Is that on oculus quest??



Tetrachroma said:


> NEOS VR is one that seems to be made _by _furries, though its playerbase is very small and, from the bits and pieces that I gathered, is even more limited in what you can do than VRChat already is. Though I haven't played enough to be 100% sure of that because I don't have a VR headset and it's not made for keyboard use, so there wasn't much I could do myself.


----------



## Loganw314 (Jun 27, 2020)

Yea, I have no clue how to make avatars I'm not very ... computer friendly lol.

But my oculus name is named john doe with the email "preston . Kohler123 @ gmail . Com" 

I dont have a facebook so I just created a fake account so I could add friends.

If you dont mind adding me as a friend I would appreciate it, I could use some help and/or a friend to play with, especially another furry! 

If you need more info to add me just let me know and I'll tell you, I'm a noob with games and stuff.
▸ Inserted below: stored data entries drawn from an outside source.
(* Let $H_\varepsilon=T_\varepsilon+V_\varepsilon$ be as in the context. For $x\in(\varepsilon\mathbb Z)^d$, $R>0$ let $B_x(R)=\{y\in(\varepsilon\mathbb Z)^d:|x-y|<R\}$, $\Lambda_R(x,H_\varepsilon):=\inf\{\langle H_\varepsilon\phi,\phi\rangle/\|\phi\|^2_{\ell^2}:\phi\in c_0(B_x(R)),\phi\ne0\}$, and $$\Sigma(H_\varepsilon):=\sup_{K\subset(\varepsilon\mathbb Z)^d\text{ finite}}\inf\Big\{\frac{\langle H_\varepsilon\phi,\phi\rangle}{\|\phi\|^2_{\ell^2}}:\ \phi\in c_0((\varepsilon\mathbb Z)^d\setminus K),\ \phi\ne0\Big\}.$$ Then $$\Sigma(H_\varepsilon)=\lim_{R\to+\infty}\liminf_{|x|\to\infty}\Lambda_R(x,H_\varepsilon).$$
   Context: Let $d\ge1$, $\varepsilon\in(0,1]$, $\ell^2((\varepsilon\mathbb Z)^d)$ with $\langle u,v\rangle=\sum_x\bar u(x)v(x)$, $(\tau_\gamma u)(x)=u(x+\gamma)$. For $D\subset(\varepsilon\mathbb Z)^d$, $c_0(D)$ is the space of real-valued functions on $(\varepsilon\mathbb Z)^d$ with finite support contained in $D$. (a) Coefficients $a_\gamma(x,\varepsilon)\in\mathbb R$ ($\gamma\in(\varepsilon\mathbb Z)^d$, $x\in\mathbb R^d$) with: (i) $a_\gamma=a^{(0)}_\gamma(x)+\varepsilon a^{(1)}_\gamma(x)+R^{(2)}_\gamma(x,\varepsilon)$, $a^{(j)}_\gamma\in C^\infty$, $|a^{(j)}_\gamma(x)-a^{(j)}_\gamma(x+h)|=O(|h|)$ uniformly in $\gamma,x$, $R^{(2)}_\gamma\in C^\infty(\mathbb R^d\times(0,1])$; (ii) $\sum_\gamma a^{(0)}_\gamma=0$, $a^{(0)}_\gamma\le0$ for $\gamma\ne0$; (iii) $a_\gamma(x,\varepsilon)=a_{-\gamma}(x+\gamma,\varepsilon)$; (iv) for all $n\in\mathbb N,\alpha\in\mathbb N^d$, $\|\,|\cdot/\varepsilon|^n\partial^\alpha_xa^{(j)}_\cdot(x)\|_{\ell^2_\gamma}\le C$ and $\|\,|\cdot/\varepsilon|^n\partial^\alpha_xR^{(2)}_\cdot(x,\varepsilon)\|_{\ell^2_\gamma}\le C\varepsilon^2$ uniformly; (v) $\mathrm{span}\{\gamma:a^{(0)}_\gamma(x)<0\}=\mathbb R^d$ for all $x$. $T_\varepsilon=\sum_\gamma a_\gamma(\cdot,\varepsilon)\tau_\gamma$. (b) $V_\varepsilon$ is the restriction to $(\varepsilon\mathbb Z)^d$ of $\hat V_\varepsilon=V_0+\varepsilon V_1+R_2(\cdot;\varepsilon)\in C^\infty(\mathbb R^d)$, $V_0,V_1\in C^\infty$, $R_2\in C^\infty(\mathbb R^d\times(0,\varepsilon_0])$, $\sup_K|R_2|\le C_K\varepsilon^2$ on compacts $K$; $V_\varepsilon$ polynomially bounded and $V_\varepsilon(x)>C>0$ for $|x|\ge R$, $\varepsilon\le\varepsilon_0$; $V_0\ge0$, vanishing exactly at finitely many points $x_1,\dots,x_m$ with positive definite Hessians. (c) $t_0(x_j,\xi):=\sum_\gamma a^{(0)}_\gamma(x_j)e^{-i\gamma\cdot\xi/\varepsilon}>0$ for $\xi\notin2\pi\mathbb Z^d$. $H_\varepsilon$ is the self-adjoint realization of $T_\varepsilon+V_\varepsilon$ on the maximal domain of multiplication by $V_\varepsilon$. *)

theory Defs
  imports "HOL-Analysis.Analysis"
begin

section \<open>Lattice (eps Z)^d, indexed by integer vectors k (lattice point = eps * k)\<close>

definition rvec :: "int ^ 'n \<Rightarrow> real ^ 'n" where
  "rvec k = (\<chi> i. real_of_int (k $ i))"

definition pdir :: "'a set \<Rightarrow> 'a \<Rightarrow> ('a::real_normed_vector \<Rightarrow> real) \<Rightarrow> 'a \<Rightarrow> real" where
  "pdir S v f x = frechet_derivative f (at x within S) v"

fun pds :: "'a set \<Rightarrow> 'a list \<Rightarrow> ('a::real_normed_vector \<Rightarrow> real) \<Rightarrow> 'a \<Rightarrow> real" where
  "pds S [] f = f"
| "pds S (v # vs) f = pdir S v (pds S vs f)"

text \<open>A multi-index derivative \<open>\<partial>^\<alpha>\<close> is a list of basis directions.\<close>
definition smooth_on :: "'a::euclidean_space set \<Rightarrow> ('a \<Rightarrow> real) \<Rightarrow> bool" where
  "smooth_on S f \<longleftrightarrow> (\<forall>vs. set vs \<subseteq> Basis \<longrightarrow> pds S vs f differentiable_on S)"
Not trying to be weird I just am trying to make friends lol so if you dont want toadd me that's fine, just trying to branch out and meet people 





FrostyTheDragon said:


> Rift S user here.  I skim around VRChat every once in a while, but the first time I actually did anything WITH other people was a climbing challenge and I had no idea there were others in the same room when I started.  (The other guy usually used a fairly short red-and-black dog avatar, but switched to a Sirenhead avatar to climb the larger cliffs.  I just choose to climb faster because I don't have a super-tall avatar yet.)
> 
> I have thought of making furry avatars for VRChat, but I still need to learn Blender (working on it slowly) and I don't QUITE have upload privileges for VRChat just yet.
> 
> ...


----------



## Tetrachroma (Jun 27, 2020)

Loganw314 said:


> Is that on oculus quest??


I'm afraid I don't quite know what Oculus Quest is. It's a free game that has Oculus support though, if that's what you're wondering.


----------



## Firuthi Dragovic (Jun 27, 2020)

Tetrachroma said:


> I'm afraid I don't quite know what Oculus Quest is. It's a free game that has Oculus support though, if that's what you're wondering.
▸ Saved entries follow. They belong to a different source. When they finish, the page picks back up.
(* Let $\phi_1,\phi_2:\mathbb{R}\to\mathbb{R}$ be functions of extended class $\mathcal{K}_\infty$ satisfying $$\phi_1\circ\phi_2(r)>r\ \ \forall r<0,\qquad \phi_1\circ\phi_2(r)<r\ \ \forall r>0.$$ Then there exists a function $\phi$ of extended class $\mathcal{K}_\infty$ such that (1) $\phi_1^{-1}(r)<\phi(r)<\phi_2(r)$ for all $r<0$, and $\phi_2(r)<\phi(r)<\phi_1^{-1}(r)$ for all $r>0$; (2) $\phi$ is continuously differentiable on $\mathbb{R}\setminus\{0\}$ and $\phi'(r)>0$ for all $r\in\mathbb{R}\setminus\{0\}$.
   Context: A continuous function $\phi:\mathbb{R}\to\mathbb{R}$ with $\phi(0)=0$ is of extended class $\mathcal{K}_\infty$ if it is strictly increasing and unbounded above and below (hence a bijection of $\mathbb{R}$, with inverse $\phi^{-1}$ also of extended class $\mathcal{K}_\infty$). $\circ$ denotes composition. *)

theory Defs
  imports "HOL-Analysis.Analysis"
begin

definition ext_class_K_inf :: "(real \<Rightarrow> real) \<Rightarrow> bool" where
  "ext_class_K_inf \<phi> \<longleftrightarrow> continuous_on UNIV \<phi> \<and> \<phi> 0 = 0 \<and> strict_mono \<phi> \<and>
     (\<forall>M. \<exists>r. \<phi> r > M) \<and> (\<forall>M. \<exists>r. \<phi> r < M)"

end

theory Submission
  imports Defs
begin

(* By the symmetry phi(x) -> -phi(-x) it suffices to find psi on (0, oo) with
   phi2 < psi < inv phi1 there.  The map i = phi1 o phi2 is a contraction of (0, oo).
   One first builds a C^1 coordinate S : (0, oo) -> R with S' > 0 in which i moves every
   point down by at least 1, i.e. S (i t) + 1 <= S t.  In the coordinate u = S r the lower
   bound becomes M = phi2 o inv S, and its unit average F u = integral of M over [u, u + 1]
   lies strictly between M u and M (u + 1).  Then psi = F o S exceeds phi2, and
   psi r < phi2 q with S q = S r + 1; the gap property gives i q <= r, i.e. phi2 q <= inv phi1 r.
   The two halves glue at 0 because both bounds vanish there. *)

lemma ext_class_K_inf_isCont: "ext_class_K_inf f \<Longrightarrow> isCont f x"
  by (simp add: ext_class_K_inf_def continuous_on_eq_continuous_at)

lemma ext_class_K_inf_strict_mono: "ext_class_K_inf f \<Longrightarrow> strict_mono f"
  by (simp add: ext_class_K_inf_def)

lemma ext_class_K_inf_zero: "ext_class_K_inf f \<Longrightarrow> f 0 = 0"
  by (simp add: ext_class_K_inf_def)

lemma ext_class_K_inf_surj:
  assumes "ext_class_K_inf f"
  shows "surj f"
proof -
  have "\<exists>x. f x = y" for y
  proof -
    obtain a where a: "f a < y"
      using assms by (auto simp: ext_class_K_inf_def)
    obtain b where b: "y < f b"
      using assms by (auto simp: ext_class_K_inf_def)
    have "a \<le> b"
    proof (rule ccontr)
      assume "\<not> a \<le> b"
      then have "f b < f a"
        using ext_class_K_inf_strict_mono[OF assms] by (simp add: strict_monoD)
      with a b show False by simp
    qed
    then show ?thesis
      using IVT[of f a y b] a b ext_class_K_inf_isCont[OF assms] by auto
  qed
  then show ?thesis
    unfolding surj_def by (simp add: eq_commute)
qed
Oculus Quest is basically Oculus's "don't need a gaming rig, just the headset and controllers" headset.  Not tethered to a PC at all.  Has some memory limits compared to Rift or Rift S - I know with VRChat in particular you're only allowed 10% of the triangles in the design of your avatar or somesuch, and you're more limited in your choice of worlds.


----------



## Paws the Opinicus (Jun 29, 2020)

Loganw314 said:


> Then I saw there was a whole server named "Furhub" soooooo I was wondering if anyone here plays that? Or has a VR headset?
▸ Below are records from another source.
lemma not_eventually_sublinear:
  fixes f :: "nat \<Rightarrow> enat"
  assumes "0 < P" "\<And>M. enat M \<le> f (d + M * P)"
  shows "\<not> (\<forall>c>0. \<forall>\<^sub>F n in sequentially. ereal_of_enat (f n) \<le> ereal (c * real n))"
proof
  assume sublinear: "\<forall>c>0. \<forall>\<^sub>F n in sequentially. ereal_of_enat (f n) \<le> ereal (c * real n)"
  have "\<forall>\<^sub>F n in sequentially. ereal_of_enat (f n) \<le> ereal (1 / (2 * real P) * real n)"
    using spec[OF sublinear, of "1 / (2 * real P)"] assms(1) by simp
  then obtain N where N: "\<And>n. N \<le> n \<Longrightarrow> ereal_of_enat (f n) \<le> ereal (1 / (2 * real P) * real n)"
    unfolding eventually_sequentially by blast
  define M where "M = N + d + 1"
  have "M \<le> M * P"
    using assms(1) by simp
  then have "N \<le> d + M * P"
    by (simp add: M_def)
  have "ereal (real M) \<le> ereal_of_enat (f (d + M * P))"
    using assms(2)[of M] by (simp flip: ereal_of_enat_le_iff)
  also have "\<dots> \<le> ereal (1 / (2 * real P) * real (d + M * P))"
    using N[OF \<open>N \<le> d + M * P\<close>] .
  finally have "real M \<le> real d / (2 * real P) + real M / 2"
    using assms(1) by (simp add: field_simps)
  also have "\<dots> \<le> real d / 2 + real M / 2"
    using assms(1) by (intro add_right_mono divide_left_mono) auto
  finally have "real M \<le> real d"
    by simp
  then show False
    by (simp add: M_def)
qed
Play it, yup, hang out there, sometimes, have a headset, nope. It feels like a real gamble to me to pay $600+ for something that I might have motion sickness in, or only enjoy for  few hours. 

Plus I hope someday to get Paws done as an avatar there, and that would most likely cost nearly as much as a headset. (Though if I did get one, THEN I'd most certainly want to have VR as a followup to that!)


----------



## Madoka Starpunch (Oct 16, 2020)

Yeah, if you're going to be doing a lot of fur social stuff in VRchat you're going to want to invest in either a mid-to-high end gaming rig and a link cable, or the PC and a Rift S. I found a little niche group that I hang out with on Fridays and I couldn't imagine being stuck on a Quest for the kind of avatars everyone's running around with- hell, my 1200$ just-built-this-year rig struggles sometimes with how many people it has to render.


----------